Prompt | Scan the data beneath this task and copy each line that includes "refl".

[Stored items]
-- Opening Marker --
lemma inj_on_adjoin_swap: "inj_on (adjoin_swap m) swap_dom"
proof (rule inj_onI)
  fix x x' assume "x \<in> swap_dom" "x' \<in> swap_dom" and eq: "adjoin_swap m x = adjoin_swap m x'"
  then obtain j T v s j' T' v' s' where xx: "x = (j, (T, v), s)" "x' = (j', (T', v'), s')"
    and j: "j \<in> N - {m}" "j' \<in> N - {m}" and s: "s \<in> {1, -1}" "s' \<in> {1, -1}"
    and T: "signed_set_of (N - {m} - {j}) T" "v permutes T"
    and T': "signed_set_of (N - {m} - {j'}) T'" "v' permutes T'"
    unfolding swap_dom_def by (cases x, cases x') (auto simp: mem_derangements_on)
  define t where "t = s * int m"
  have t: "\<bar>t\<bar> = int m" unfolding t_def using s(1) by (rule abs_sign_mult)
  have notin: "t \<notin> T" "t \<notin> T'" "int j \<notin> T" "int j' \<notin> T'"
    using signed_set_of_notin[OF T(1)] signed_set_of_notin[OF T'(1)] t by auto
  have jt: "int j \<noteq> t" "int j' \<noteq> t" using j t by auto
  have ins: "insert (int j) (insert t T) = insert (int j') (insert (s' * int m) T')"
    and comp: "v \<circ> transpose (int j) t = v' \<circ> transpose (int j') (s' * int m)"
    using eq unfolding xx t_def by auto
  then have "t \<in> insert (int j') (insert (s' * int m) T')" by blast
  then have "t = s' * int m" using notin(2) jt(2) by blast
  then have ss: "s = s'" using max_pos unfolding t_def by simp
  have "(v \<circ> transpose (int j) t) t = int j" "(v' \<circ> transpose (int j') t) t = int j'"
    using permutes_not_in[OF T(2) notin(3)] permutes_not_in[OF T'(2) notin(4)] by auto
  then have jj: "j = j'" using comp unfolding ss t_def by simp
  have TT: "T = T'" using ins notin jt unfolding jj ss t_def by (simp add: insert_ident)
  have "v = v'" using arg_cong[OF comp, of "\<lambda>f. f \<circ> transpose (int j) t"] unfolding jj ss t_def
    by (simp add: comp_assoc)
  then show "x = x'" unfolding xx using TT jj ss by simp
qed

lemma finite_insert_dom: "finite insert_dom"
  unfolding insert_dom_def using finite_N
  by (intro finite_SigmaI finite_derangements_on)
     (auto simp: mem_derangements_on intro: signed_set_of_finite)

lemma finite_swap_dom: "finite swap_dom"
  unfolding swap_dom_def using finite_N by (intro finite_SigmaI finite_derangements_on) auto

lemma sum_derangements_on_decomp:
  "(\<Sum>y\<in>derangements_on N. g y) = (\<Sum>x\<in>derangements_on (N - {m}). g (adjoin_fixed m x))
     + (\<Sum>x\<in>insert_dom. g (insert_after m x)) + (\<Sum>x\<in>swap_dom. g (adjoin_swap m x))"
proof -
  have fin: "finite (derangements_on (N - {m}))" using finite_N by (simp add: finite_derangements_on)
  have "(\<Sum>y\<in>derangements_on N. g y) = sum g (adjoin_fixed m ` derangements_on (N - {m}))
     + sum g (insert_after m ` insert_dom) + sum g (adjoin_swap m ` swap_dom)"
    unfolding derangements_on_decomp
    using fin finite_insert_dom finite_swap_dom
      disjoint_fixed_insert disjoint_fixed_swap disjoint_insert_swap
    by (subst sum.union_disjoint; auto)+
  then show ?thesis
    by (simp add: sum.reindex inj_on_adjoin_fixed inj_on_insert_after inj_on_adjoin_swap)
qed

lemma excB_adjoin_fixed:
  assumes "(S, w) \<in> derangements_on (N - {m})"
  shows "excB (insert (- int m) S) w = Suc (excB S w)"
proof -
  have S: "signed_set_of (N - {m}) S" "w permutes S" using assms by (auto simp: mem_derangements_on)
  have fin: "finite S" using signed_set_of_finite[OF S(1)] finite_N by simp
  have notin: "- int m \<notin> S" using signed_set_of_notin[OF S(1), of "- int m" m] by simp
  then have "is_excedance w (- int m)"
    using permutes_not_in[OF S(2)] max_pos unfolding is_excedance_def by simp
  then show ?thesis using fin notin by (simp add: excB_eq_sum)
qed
-- Closing Marker --
-- Opening Marker --
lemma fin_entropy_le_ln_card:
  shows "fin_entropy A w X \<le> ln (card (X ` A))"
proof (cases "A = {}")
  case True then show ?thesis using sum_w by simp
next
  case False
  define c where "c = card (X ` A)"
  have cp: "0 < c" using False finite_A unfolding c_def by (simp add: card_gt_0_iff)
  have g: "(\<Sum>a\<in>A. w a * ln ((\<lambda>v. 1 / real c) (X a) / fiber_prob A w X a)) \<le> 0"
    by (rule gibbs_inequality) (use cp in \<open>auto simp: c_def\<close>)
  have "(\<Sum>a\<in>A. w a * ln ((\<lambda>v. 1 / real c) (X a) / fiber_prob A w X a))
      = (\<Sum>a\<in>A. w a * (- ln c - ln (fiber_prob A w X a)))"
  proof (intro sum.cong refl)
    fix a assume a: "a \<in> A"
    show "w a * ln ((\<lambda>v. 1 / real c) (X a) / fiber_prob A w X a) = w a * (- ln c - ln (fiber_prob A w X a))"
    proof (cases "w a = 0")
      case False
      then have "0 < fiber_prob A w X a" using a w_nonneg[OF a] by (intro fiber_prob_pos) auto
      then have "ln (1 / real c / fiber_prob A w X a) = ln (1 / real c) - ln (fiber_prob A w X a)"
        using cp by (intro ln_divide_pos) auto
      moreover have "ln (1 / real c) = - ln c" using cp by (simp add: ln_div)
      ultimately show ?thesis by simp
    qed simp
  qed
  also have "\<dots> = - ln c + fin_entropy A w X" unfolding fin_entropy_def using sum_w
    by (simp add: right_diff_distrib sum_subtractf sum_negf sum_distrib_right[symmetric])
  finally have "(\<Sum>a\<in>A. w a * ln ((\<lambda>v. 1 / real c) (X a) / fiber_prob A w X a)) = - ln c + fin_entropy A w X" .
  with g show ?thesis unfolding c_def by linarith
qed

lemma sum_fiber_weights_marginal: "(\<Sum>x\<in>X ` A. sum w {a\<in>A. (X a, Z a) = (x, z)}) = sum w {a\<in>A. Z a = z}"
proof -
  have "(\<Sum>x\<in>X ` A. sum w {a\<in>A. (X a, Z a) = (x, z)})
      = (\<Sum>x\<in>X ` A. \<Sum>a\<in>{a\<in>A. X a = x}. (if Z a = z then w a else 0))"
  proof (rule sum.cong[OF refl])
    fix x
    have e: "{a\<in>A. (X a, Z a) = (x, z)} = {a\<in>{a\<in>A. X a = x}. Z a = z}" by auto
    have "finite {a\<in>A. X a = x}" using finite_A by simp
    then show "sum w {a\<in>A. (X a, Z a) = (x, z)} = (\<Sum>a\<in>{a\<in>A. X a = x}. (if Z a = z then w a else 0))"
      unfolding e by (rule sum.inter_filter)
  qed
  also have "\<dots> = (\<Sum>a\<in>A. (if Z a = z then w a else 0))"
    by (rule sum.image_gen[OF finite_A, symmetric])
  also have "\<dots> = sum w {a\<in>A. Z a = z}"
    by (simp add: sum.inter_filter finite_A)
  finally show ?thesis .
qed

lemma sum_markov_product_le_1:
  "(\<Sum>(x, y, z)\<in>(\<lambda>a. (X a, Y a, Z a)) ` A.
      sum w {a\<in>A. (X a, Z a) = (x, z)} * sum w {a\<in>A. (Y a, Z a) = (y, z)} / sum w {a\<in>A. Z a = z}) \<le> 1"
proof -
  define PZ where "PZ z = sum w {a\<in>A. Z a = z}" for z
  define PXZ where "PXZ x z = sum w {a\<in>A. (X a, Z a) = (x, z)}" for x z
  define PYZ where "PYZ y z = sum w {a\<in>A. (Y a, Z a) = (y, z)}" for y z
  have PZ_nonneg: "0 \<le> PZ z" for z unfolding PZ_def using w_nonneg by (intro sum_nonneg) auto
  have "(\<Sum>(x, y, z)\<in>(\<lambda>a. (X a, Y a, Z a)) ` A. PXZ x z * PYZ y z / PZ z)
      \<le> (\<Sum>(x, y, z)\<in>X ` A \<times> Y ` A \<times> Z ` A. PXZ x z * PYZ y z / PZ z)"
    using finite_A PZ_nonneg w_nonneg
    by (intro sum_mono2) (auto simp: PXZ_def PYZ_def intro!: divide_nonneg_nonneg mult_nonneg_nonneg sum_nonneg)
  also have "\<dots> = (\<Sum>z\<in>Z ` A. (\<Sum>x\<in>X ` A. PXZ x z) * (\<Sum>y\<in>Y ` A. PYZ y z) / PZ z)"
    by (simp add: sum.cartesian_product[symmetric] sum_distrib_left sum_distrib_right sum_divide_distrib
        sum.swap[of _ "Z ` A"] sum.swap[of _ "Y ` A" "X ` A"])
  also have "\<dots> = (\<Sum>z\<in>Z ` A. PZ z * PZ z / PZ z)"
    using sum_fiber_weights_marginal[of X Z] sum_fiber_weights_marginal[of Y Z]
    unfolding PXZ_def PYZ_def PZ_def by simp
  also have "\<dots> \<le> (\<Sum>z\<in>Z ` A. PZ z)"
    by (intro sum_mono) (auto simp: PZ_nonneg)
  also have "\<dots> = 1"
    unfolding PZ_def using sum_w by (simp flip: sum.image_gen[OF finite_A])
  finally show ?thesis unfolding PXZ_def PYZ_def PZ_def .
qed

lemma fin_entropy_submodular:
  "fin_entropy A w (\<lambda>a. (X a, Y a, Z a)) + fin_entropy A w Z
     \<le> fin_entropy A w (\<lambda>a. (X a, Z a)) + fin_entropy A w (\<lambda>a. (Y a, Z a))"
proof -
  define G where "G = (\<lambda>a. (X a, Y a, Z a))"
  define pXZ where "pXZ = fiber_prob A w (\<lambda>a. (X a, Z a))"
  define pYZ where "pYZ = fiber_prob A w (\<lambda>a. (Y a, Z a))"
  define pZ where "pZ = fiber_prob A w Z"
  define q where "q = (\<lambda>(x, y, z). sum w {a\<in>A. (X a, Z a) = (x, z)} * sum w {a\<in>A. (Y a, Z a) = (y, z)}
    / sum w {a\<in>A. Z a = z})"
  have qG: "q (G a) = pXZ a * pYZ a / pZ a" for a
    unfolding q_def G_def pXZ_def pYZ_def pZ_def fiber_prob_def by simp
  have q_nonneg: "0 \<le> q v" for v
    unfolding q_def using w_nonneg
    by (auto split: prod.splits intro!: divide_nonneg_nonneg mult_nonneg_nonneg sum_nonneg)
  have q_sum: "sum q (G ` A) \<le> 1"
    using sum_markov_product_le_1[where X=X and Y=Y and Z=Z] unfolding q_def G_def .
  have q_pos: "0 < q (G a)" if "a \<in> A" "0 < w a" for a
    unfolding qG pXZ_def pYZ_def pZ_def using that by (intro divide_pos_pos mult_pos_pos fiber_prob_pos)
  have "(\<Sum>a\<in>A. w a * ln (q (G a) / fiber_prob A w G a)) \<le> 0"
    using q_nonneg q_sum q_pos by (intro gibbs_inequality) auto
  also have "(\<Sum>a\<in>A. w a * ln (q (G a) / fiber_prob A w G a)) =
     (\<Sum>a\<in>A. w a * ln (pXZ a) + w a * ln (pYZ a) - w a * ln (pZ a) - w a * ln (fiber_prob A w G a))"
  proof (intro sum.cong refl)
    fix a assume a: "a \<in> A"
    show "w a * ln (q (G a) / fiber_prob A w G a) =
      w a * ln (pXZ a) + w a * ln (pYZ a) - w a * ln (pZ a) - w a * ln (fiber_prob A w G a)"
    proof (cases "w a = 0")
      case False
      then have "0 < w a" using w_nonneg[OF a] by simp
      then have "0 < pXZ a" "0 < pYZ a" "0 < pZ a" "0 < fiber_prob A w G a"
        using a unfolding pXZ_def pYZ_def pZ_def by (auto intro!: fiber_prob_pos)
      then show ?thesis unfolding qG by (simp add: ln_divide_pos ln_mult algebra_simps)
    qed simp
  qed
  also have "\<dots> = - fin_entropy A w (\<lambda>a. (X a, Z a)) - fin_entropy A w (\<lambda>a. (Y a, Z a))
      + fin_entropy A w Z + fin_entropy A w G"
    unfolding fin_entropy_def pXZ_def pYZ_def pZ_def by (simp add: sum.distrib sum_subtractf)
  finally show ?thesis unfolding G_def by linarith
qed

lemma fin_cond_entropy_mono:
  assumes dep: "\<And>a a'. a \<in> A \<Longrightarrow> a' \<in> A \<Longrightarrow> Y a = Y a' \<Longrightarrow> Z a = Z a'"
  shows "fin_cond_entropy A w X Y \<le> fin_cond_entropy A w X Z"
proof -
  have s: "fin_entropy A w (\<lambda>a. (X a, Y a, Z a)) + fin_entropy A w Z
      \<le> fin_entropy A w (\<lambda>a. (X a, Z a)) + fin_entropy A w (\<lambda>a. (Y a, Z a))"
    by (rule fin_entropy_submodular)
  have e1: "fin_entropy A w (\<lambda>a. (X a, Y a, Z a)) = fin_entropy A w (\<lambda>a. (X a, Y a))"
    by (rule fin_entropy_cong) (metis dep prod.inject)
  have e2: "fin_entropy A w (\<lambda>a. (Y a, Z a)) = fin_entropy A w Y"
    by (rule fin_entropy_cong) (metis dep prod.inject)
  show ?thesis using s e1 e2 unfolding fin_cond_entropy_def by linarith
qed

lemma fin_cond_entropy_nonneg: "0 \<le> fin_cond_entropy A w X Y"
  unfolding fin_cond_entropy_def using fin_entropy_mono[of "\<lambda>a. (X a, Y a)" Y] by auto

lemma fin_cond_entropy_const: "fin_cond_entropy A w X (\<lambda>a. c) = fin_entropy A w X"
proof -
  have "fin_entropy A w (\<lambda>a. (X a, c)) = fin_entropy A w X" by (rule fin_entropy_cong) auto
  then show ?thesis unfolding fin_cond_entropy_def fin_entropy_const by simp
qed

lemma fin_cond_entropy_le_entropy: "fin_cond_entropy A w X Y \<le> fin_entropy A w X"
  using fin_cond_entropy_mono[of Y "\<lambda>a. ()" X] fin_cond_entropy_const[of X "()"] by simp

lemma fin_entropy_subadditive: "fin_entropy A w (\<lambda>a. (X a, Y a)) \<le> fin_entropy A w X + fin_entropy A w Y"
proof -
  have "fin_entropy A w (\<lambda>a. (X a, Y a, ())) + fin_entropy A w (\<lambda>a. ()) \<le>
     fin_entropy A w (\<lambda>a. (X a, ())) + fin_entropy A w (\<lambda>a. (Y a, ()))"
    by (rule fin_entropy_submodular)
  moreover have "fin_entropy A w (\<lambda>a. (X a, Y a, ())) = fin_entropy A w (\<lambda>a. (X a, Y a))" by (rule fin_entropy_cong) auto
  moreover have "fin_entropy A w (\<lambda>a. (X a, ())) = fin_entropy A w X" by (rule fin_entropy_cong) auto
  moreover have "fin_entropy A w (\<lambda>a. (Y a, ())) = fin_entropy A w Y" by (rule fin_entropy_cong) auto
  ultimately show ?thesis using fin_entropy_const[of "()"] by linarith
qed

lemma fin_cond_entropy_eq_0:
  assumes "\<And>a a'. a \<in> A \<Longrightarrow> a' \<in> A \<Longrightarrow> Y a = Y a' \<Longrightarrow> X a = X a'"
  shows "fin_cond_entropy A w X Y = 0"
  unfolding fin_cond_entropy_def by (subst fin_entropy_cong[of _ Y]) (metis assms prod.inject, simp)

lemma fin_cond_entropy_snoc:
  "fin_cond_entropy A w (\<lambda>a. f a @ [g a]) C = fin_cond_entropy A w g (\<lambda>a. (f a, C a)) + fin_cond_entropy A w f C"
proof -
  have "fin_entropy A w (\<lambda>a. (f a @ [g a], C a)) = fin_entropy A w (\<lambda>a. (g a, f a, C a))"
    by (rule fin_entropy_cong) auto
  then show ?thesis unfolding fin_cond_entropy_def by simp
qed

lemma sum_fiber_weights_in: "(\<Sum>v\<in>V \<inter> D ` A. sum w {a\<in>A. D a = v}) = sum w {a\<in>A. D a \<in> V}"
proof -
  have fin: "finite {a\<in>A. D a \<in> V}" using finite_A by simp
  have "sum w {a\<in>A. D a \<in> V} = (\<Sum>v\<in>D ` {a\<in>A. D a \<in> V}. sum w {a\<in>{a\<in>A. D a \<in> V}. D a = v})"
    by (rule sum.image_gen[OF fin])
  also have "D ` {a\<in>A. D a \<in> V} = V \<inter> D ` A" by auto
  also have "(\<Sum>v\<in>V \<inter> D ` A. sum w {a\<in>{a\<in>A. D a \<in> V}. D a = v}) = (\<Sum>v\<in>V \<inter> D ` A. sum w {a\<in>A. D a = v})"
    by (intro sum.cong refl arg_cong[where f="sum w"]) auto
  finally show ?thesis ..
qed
-- Closing Marker --
Solved problem |
  proof (intro sum.cong refl)
  proof (rule sum.cong[OF refl])
  proof (intro sum.cong refl)
    by (intro sum.cong refl arg_cong[where f="sum w"]) auto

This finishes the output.